Чтение онлайн

ЖАНРЫ

Человек и Церковь. Путь свободы и любви
Шрифт:

Кроме того, были действа на церковный Новый год, библейский Новый год, особое действо приурочивалось к первому сентября. Собственно говоря, одно из таких театральных постановочных действ до сих пор происходит в Великий четверг. Не только в русской церкви, но и в Иерусалиме, и во многих других поместных церквях. Это чин омовения ног, когда вспоминают, как Христос на Тайной вечери перед Своим страданием омыл ноги Своим ученикам. И этот чин омовения ног исполняется сейчас как настоящее церковное действие. В наше время в Великий четверг после литургии патриарх омывает ноги священникам с теми же словами, которые Христос произносит в Евангелии. Так же поступает Иерусалимский патриарх в Великий четверг в Иерусалиме и т. д.

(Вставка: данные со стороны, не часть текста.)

text \<open>A hybrid argument: replace the weights \<open>k\<close> by \<open>l\<close> one step at a time, starting from the last.\<close>
lemma extension_sum_compare:
  assumes step: "\<And>G. (\<Sum>p\<in>P. k p * f (add_one G p)) \<le> (\<Sum>p\<in>P. l p * f (add_one G p))"
    and k: "\<And>p. p \<in> P \<Longrightarrow> k p \<ge> 0" and l: "\<And>p. p \<in> P \<Longrightarrow> l p \<ge> 0"
  shows "extension_sum k P M f G \<le> extension_sum l P M f G"
proof (induction M arbitrary: G)
  case 0
  show ?case by simp
next
  case (Suc M)
  have "extension_sum k P (Suc M) f G = extension_sum k P M (\<lambda>G'. \<Sum>p\<in>P. k p * f (add_one G' p)) G"
    by (simp add: extension_sum_last_step)
  also have "\<dots> \<le> extension_sum k P M (\<lambda>G'. \<Sum>p\<in>P. l p * f (add_one G' p)) G"
    by (intro extension_sum_mono step k)
  also have "\<dots> = (\<Sum>p\<in>P. l p * extension_sum k P M f (add_one G p))"
    by (simp add: extension_sum_last_step)
  also have "\<dots> \<le> extension_sum l P (Suc M) f G"
    using Suc l by (auto intro!: sum_mono mult_left_mono)
  finally show ?case .
qed

definition compositions :: "'a set \<Rightarrow> nat \<Rightarrow> ('a \<Rightarrow> nat) set" where
  "compositions P M = {n. (\<forall>p. p \<notin> P \<longrightarrow> n p = 0) \<and> (\<Sum>p\<in>P. n p) = M}"

definition poisson_weight :: "'a set \<Rightarrow> ('a \<Rightarrow> real) \<Rightarrow> ('a \<Rightarrow> nat) \<Rightarrow> real" where
  "poisson_weight P w n = (\<Prod>p\<in>P. w p ^ n p / fact (n p))"

lemma finite_compositions:
  assumes "finite P"
  shows "finite (compositions P M)"
proof (rule finite_subset)
  show "compositions P M \<subseteq> {n. \<forall>x. (x \<in> P \<longrightarrow> n x \<in> {..M}) \<and> (x \<notin> P \<longrightarrow> n x = 0)}"
    unfolding compositions_def using assms by (auto simp: member_le_sum)
  show "finite {n. \<forall>x. (x \<in> P \<longrightarrow> n x \<in> {..M}) \<and> (x \<notin> P \<longrightarrow> n x = 0)}"
    by (intro finite_set_of_finite_funs assms) auto
qed

lemma compositions_0: "finite P \<Longrightarrow> compositions P 0 = {\<lambda>_. 0}"
  by (auto simp: compositions_def fun_eq_iff)

lemma bij_betw_add_one_compositions:
  assumes "finite P" "p \<in> P"
  shows "bij_betw (\<lambda>n. add_one n p) (compositions P M) {n \<in> compositions P (Suc M). n p \<ge> 1}"
proof (rule bij_betw_byWitness[where f' = "\<lambda>n. n(p := n p - 1)"])
  show "(\<lambda>n. n(p := n p - 1)) ` {n \<in> compositions P (Suc M). n p \<ge> 1} \<subseteq> compositions P M"
  proof clarify
    fix n assume n: "n \<in> compositions P (Suc M)" "n p \<ge> 1"
    have "add_one (n(p := n p - 1)) p = n" using n by (auto simp: add_one_def fun_eq_iff)
    then have "Suc (\<Sum>r\<in>P. (n(p := n p - 1)) r) = Suc M"
      using sum_add_one[OF assms, of "n(p := n p - 1)"] n by (simp add: compositions_def)
    then show "n(p := n p - 1) \<in> compositions P M" using n assms by (auto simp: compositions_def)
  qed
  show "(\<lambda>n. add_one n p) ` compositions P M \<subseteq> {n \<in> compositions P (Suc M). n p \<ge> 1}"
    using assms by (auto simp: compositions_def sum_add_one) (auto simp: add_one_def)
qed (auto simp: add_one_def fun_eq_iff)

lemma poisson_weight_add_one:
  assumes "finite P" "p \<in> P"
  shows "real (n p + 1) * poisson_weight P w (add_one n p) = w p * poisson_weight P w n"
proof -
  let ?rest = "\<Prod>r\<in>P-{p}. w r ^ n r / fact (n r)"
  have "poisson_weight P w (add_one n p) = w p ^ (n p + 1) / fact (n p + 1) * ?rest"
    unfolding poisson_weight_def using assms
    by (subst prod.remove[of P p]) (auto simp: add_one_def intro!: prod.cong)
  moreover have "poisson_weight P w n = w p ^ n p / fact (n p) * ?rest"
    unfolding poisson_weight_def using assms by (subst prod.remove[of P p]) auto
  ultimately show ?thesis by (simp add: fact_Suc del: of_nat_Suc)
qed

lemma extension_sum_eq_compositions:
  assumes "finite P"
  shows "extension_sum w P M f G
       = fact M * (\<Sum>n\<in>compositions P M. poisson_weight P w n * f (\<lambda>x. G x + n x))"
proof (induction M arbitrary: G)
  case 0
  show ?case by (simp add: compositions_0[OF assms] poisson_weight_def)
next
  case (Suc M)
  let ?h = "\<lambda>n. poisson_weight P w n * f (\<lambda>x. G x + n x)"
  have step: "w p * (\<Sum>n\<in>compositions P M. poisson_weight P w n * f (\<lambda>x. add_one G p x + n x))
      = (\<Sum>n\<in>compositions P (Suc M). real (n p) * ?h n)" if p: "p \<in> P" for p
  proof -
    have "w p * (\<Sum>n\<in>compositions P M. poisson_weight P w n * f (\<lambda>x. add_one G p x + n x))
        = (\<Sum>n\<in>compositions P M. real (add_one n p p) * ?h (add_one n p))"
      unfolding sum_distrib_left
    proof (intro sum.cong refl)
      fix n
      have "(\<lambda>x. add_one G p x + n x) = (\<lambda>x. G x + add_one n p x)" by (auto simp: add_one_def)
      then show "w p * (poisson_weight P w n * f (\<lambda>x. add_one G p x + n x))
          = real (add_one n p p) * ?h (add_one n p)"
        using poisson_weight_add_one[OF assms p, of n w] by (simp add: add_one_def)
    qed
    also have "\<dots> = (\<Sum>n\<in>{n \<in> compositions P (Suc M). n p \<ge> 1}. real (n p) * ?h n)"
      by (rule sum.reindex_bij_betw[OF bij_betw_add_one_compositions[OF assms p]])
    also have "\<dots> = (\<Sum>n\<in>compositions P (Suc M). real (n p) * ?h n)"
      by (intro sum.mono_neutral_left finite_compositions assms) auto
    finally show ?thesis .
  qed
  have "extension_sum w P (Suc M) f G
      = fact M * (\<Sum>p\<in>P. w p * (\<Sum>n\<in>compositions P M. poisson_weight P w n * f (\<lambda>x. add_one G p x + n x)))"
    by (simp add: Suc.IH sum_distrib_left algebra_simps)
  also have "\<dots> = fact M * (\<Sum>p\<in>P. \<Sum>n\<in>compositions P (Suc M). real (n p) * ?h n)"
    using step by simp
  also have "\<dots> = fact M * (\<Sum>n\<in>compositions P (Suc M). real (\<Sum>p\<in>P. n p) * ?h n)"
    by (subst sum.swap) (simp add: of_nat_sum sum_distrib_right)
  also have "\<dots> = fact M * (\<Sum>n\<in>compositions P (Suc M). real (Suc M) * ?h n)"
    by (intro arg_cong2[where f="(*)"] sum.cong refl) (auto simp: compositions_def)
  also have "\<dots> = fact (Suc M) * (\<Sum>n\<in>compositions P (Suc M). ?h n)"
    by (simp add: sum_distrib_left algebra_simps)
  finally show ?case .
qed

lemma sum_poisson_weight_compositions:
  "finite P \<Longrightarrow> (\<Sum>n\<in>compositions P M. poisson_weight P w n) = (\<Sum>p\<in>P. w p) ^ M / fact M"
  using extension_sum_eq_compositions[of P w M "\<lambda>_. 1" "\<lambda>_. 0"] extension_sum_const[of w P M]
  by (simp add: field_simps)

definition poisson_field :: "'a set \<Rightarrow> ('a \<Rightarrow> real) \<Rightarrow> ('a \<Rightarrow> nat) pmf" where
  "poisson_field P w = Pi_pmf P 0 (\<lambda>p. poisson_mean (w p))"

definition supported_on :: "'a set \<Rightarrow> ('a \<Rightarrow> nat) set" where
  "supported_on P = {n. \<forall>x. x \<notin> P \<longrightarrow> n x = 0}"

lemma pmf_poisson_mean: "w \<ge> 0 \<Longrightarrow> pmf (poisson_mean w) k = w ^ k / fact k * exp (- w)"
  by (cases "w = 0") (auto simp: poisson_mean_def indicator_def)

lemma pmf_poisson_field:
  assumes "finite P" "\<And>p. p \<in> P \<Longrightarrow> w p \<ge> 0"
  shows "pmf (poisson_field P w) n
       = (if n \<in> supported_on P then exp (- (\<Sum>p\<in>P. w p)) * poisson_weight P w n else 0)"
proof -
  have "(\<Prod>p\<in>P. pmf (poisson_mean (w p)) (n p)) = (\<Prod>p\<in>P. w p ^ n p / fact (n p) * exp (- w p))"
    using assms by (intro prod.cong) (auto simp: pmf_poisson_mean)
  also have "\<dots> = exp (- (\<Sum>p\<in>P. w p)) * poisson_weight P w n"
    unfolding poisson_weight_def prod.distrib using assms by (simp add: exp_sum[symmetric] sum_negf)
  finally show ?thesis
    using assms by (auto simp: poisson_field_def pmf_Pi supported_on_def)
qed

lemma bij_betw_snd_compositions: "bij_betw snd (Sigma UNIV (compositions P)) (supported_on P)"
  unfolding bij_betw_def inj_on_def by (auto simp: compositions_def supported_on_def image_iff)

context
  fixes P :: "'a set" and w :: "'a \<Rightarrow> real"
  assumes finite_P: "finite P" and w_nonneg: "\<And>p. p \<in> P \<Longrightarrow> w p \<ge> 0"
begin

lemma poisson_field_layer:
  "(\<Sum>n\<in>compositions P M. pmf (poisson_field P w) n * f n)
     = exp (- (\<Sum>p\<in>P. w p)) / fact M * extension_sum w P M f (\<lambda>_. 0)"
proof -
  have "(\<Sum>n\<in>compositions P M. pmf (poisson_field P w) n * f n)
      = exp (- (\<Sum>p\<in>P. w p)) * (\<Sum>n\<in>compositions P M. poisson_weight P w n * f n)"
    unfolding sum_distrib_left
    by (intro sum.cong)
       (auto simp: pmf_poisson_field[OF finite_P w_nonneg] compositions_def supported_on_def)
  then show ?thesis
    by (simp add: extension_sum_eq_compositions[OF finite_P])
qed

context
  fixes f :: "('a \<Rightarrow> nat) \<Rightarrow> real" and A B :: real
  assumes A_nonneg: "A \<ge> 0" and B_nonneg: "B \<ge> 0"
    and growth: "\<And>n. n \<in> supported_on P \<Longrightarrow> \<bar>f n\<bar> \<le> A + B * real (\<Sum>p\<in>P. n p)"
begin

lemma poisson_field_layer_abs_le:
  "(\<Sum>n\<in>compositions P M. \<bar>pmf (poisson_field P w) n * f n\<bar>)
     \<le> exp (- (\<Sum>p\<in>P. w p)) * (A + B) * ((2 * (\<Sum>p\<in>P. w p)) ^ M / fact M)"
proof -
  define W where "W = (\<Sum>p\<in>P. w p)"
  have weight_nonneg: "poisson_weight P w n \<ge> 0" for n
    unfolding poisson_weight_def using w_nonneg by (intro prod_nonneg) auto
  have "(\<Sum>n\<in>compositions P M. \<bar>pmf (poisson_field P w) n * f n\<bar>)
      \<le> (\<Sum>n\<in>compositions P M. exp (- W) * (A + B * real M) * poisson_weight P w n)"
  proof (intro sum_mono)
    fix n assume n: "n \<in> compositions P M"
    then have supp: "n \<in> supported_on P" and total: "(\<Sum>p\<in>P. n p) = M"
      by (auto simp: compositions_def supported_on_def)
    have "\<bar>f n\<bar> \<le> A + B * real M" using growth[OF supp] unfolding total .
    moreover have "pmf (poisson_field P w) n = exp (- W) * poisson_weight P w n"
      using supp by (simp add: pmf_poisson_field[OF finite_P w_nonneg] W_def)
    ultimately show "\<bar>pmf (poisson_field P w) n * f n\<bar> \<le> exp (- W) * (A + B * real M) * poisson_weight P w n"
      using weight_nonneg[of n] by (simp add: abs_mult) (metis mult.commute mult_right_mono)
  qed
  also have "\<dots> = exp (- W) * (A + B * real M) * (W ^ M / fact M)"
    by (simp add: sum_distrib_left[symmetric] sum_poisson_weight_compositions[OF finite_P] W_def)
  also have "\<dots> \<le> exp (- W) * ((A + B) * 2 ^ M) * (W ^ M / fact M)"
  proof -
    have "real M \<le> 2 ^ M"
      using less_exp[of M] by (simp add: of_nat_less_iff[symmetric])
    then have "A + B * real M \<le> (A + B) * 2 ^ M"
      using A_nonneg B_nonneg mult_left_mono[of 1 "2 ^ M" A] mult_left_mono[of "real M" "2 ^ M" B]
      by (simp add: distrib_right)
    moreover have "W \<ge> 0" unfolding W_def using w_nonneg by (simp add: sum_nonneg)
    ultimately show ?thesis by (intro mult_right_mono mult_left_mono) auto
  qed
  finally show ?thesis by (simp add: W_def power_mult_distrib)
qed

lemma abs_summable_poisson_field_layers:
  "(\<lambda>z. pmf (poisson_field P w) (snd z) * f (snd z)) abs_summable_on Sigma UNIV (compositions P)"
proof -
  define W where "W = (\<Sum>p\<in>P. w p)"
  have fin: "finite (compositions P M)" and cnt: "countable (compositions P M)" for M
    using finite_compositions[OF finite_P] by (auto intro: countable_finite)
  have "summable (\<lambda>M. exp (- W) * (A + B) * ((2 * W) ^ M / fact M))"
    using summable_exp[of "2*W"] by (intro summable_mult) (simp add: field_simps)
  then have "(\<lambda>M. \<Sum>\<^sub>an\<in>compositions P M. norm (pmf (poisson_field P w) n * f n)) abs_summable_on UNIV"
    unfolding abs_summable_on_nat_iff'
    by (rule summable_comparison_test[rotated], intro exI allI impI)
       (use poisson_field_layer_abs_le fin in \<open>simp add: W_def sum_nonneg\<close>)
  then show ?thesis
    by (subst abs_summable_on_Sigma_iff) (use fin cnt in auto)
qed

«Иисус, зная, что Отец все отдал в руки Его и что Он от Бога исшел и к Богу отходит, встал с вечери, снял с Себя верхнюю

одежду и, взяв полотенце, препоясался. Потом влил воды в умывальницу и начал умывать ноги ученикам и отирать полотенцем, которым был препоясан.

Подходит к Симону Петру, и тот говорит Ему: “Господи! Тебе ли умывать мои ноги?” Иисус сказал ему в ответ: “Что Я делаю, теперь ты не знаешь, а уразумеешь после.” Петр говорит Ему: “Не умоешь ног моих вовек”. Иисус отвечал ему: “Если не умою тебя, не имеешь части со Мною”.

Симон Петр говорит Ему: “Господи! Не только ноги мои, но и руки и голову”. Иисус говорит ему: “Опытому нужно только ноги умыть, потому что чист весь; и вы чисты, но не все”.

Ибо знал Он предателя Своего, потому и сказал: не все вы чисты».

Евангелие от Иоанна

Это настоящий театрализованный ритуал, причем происходящее не имеет богослужебного характера, это не служба, не литургия, а именно действо.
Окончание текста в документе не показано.